One-way analysis of variance (ANOVA) in R
Anna Shirokanova and Olesya Volchenko
Last updated: March 25, 2022
This seminar
- Recap of one-way ANOVA
- Example of one-way ANOVA
- assumptions
- post hoc tests
- Non-parametric equivalent of ANOVA
- Effect size
ANOVA is used:
- to compare means of three or more independent (unrelated) groups and determine whether they are the same or not
- \[ H_0 = \mu_l = \mu_2 = ... = \mu_n\] where mu is the true mean of the group, and n is the number of groups
- ANOVA is tested with an F-test: F is the ratio between the variance between group means to the variance within groups
- F-test is an omnibus test, which means it can only identify non-equality among the groups in general
- if F-test is significant, use post hoc tests to compare specific pairs of groups
See more: https://statistics.laerd.com/statistical-guides/one-way-anova-statistical-guide.php
Example from the World Values Survey data, Russia
Context to the analysis:
There are theories set to explain on the macro level how societies change when they modernise: get industry, then, information industry, people get rich, live longer lives, etc. What happens to people’s values when life becomes secure and survival guaranteed? Theories that aim to explain these processes are called ‘modernization theories’.
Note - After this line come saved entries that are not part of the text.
lemma alg_closure_root_of_unity:
  fixes x :: "'k::{field,finite} alg_closure"
  assumes "x \<noteq> 0"
  shows "\<exists>k>0. x ^ k = 1"
proof -
  obtain P :: "'k poly" where P: "P \<noteq> 0" "poly (map_poly to_ac P) x = 0"
    by (rule alg_closure_algebraic)
  define ev where "ev q = poly (map_poly to_ac q) x" for q :: "'k poly"
  \<comment> \<open>x ^ n only depends on X ^ n mod P, which ranges over a finite set\<close>
  define R where "R n = monom 1 n mod P" for n
  have pow_eq: "x ^ n = ev (R n)" for n
  proof -
    have "monom 1 n = monom 1 n div P * P + R n"
      unfolding R_def by simp
    then have "ev (monom 1 n) = ev (monom 1 n div P) * ev P + ev (R n)"
      unfolding ev_def by (metis map_poly_to_ac_add map_poly_to_ac_mult poly_add poly_mult)
    then show ?thesis
      using P(2) by (simp add: ev_def map_poly_monom poly_monom)
  qed
  have "degree (R n) \<le> degree P" for n
    using degree_mod_less[OF P(1), of "monom 1 n"] unfolding R_def by auto
  then have "range R \<subseteq> {q. degree q \<le> degree P}"
    by blast
  then have "finite (range R)"
    using finite_polys_degree_le finite_subset by blast
  then have "\<not> inj R"
    using finite_imageD infinite_UNIV_nat by blast
  then obtain i j where "i \<noteq> j" "R i = R j"
    unfolding inj_def by blast
  then obtain i j where ij: "i < j" "x ^ i = x ^ j"
    using pow_eq by (metis linorder_neqE_nat)
  have "x ^ i * x ^ (j - i) = x ^ j"
    using ij(1) by (simp flip: power_add)
  then have "x ^ i * x ^ (j - i) = x ^ i * 1"
    using ij(2) by simp
  then have "x ^ (j - i) = 1"
    using assms by simp
  then show ?thesis
    using ij(1) by (intro exI[of _ "j - i"]) simp
qed

definition shift_op :: "'a::comm_ring_1 poly \<Rightarrow> (int \<Rightarrow> 'a) \<Rightarrow> int \<Rightarrow> 'a" where
  "shift_op P f n = (\<Sum>i\<le>degree P. coeff P i * f (n + int i))"

lemma shift_op_eq_sum:
  assumes "degree P \<le> N"
  shows "shift_op P f n = (\<Sum>i\<le>N. coeff P i * f (n + int i))"
  unfolding shift_op_def using assms
  by (intro sum.mono_neutral_left) (auto simp: coeff_eq_0)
One of the offsprings of modernization theory by R.Inglehart is the recent ‘theory of emancipation’ by C.Welzel (2013, for details, see: https://en.wikipedia.org/wiki/Freedom_Rising). Its main concept is called emancipative values, which are a combination of the freedom of choice and equality of opportunities. These values become especially important to people under certain social conditions, and they motivate further changes in societies by changing life strategies of individuals and putting greater emphasis on human agency.
The concept of emancipative values has been implemented in the World Values Survey cross-national research project. It is an index based on several items. The resulting variable, RESEMAVAL is standardised; it ranges from 0 to 1 where “0” means the lowest possible level of emancipative values, and “1” is the highest possible level of emancipative values.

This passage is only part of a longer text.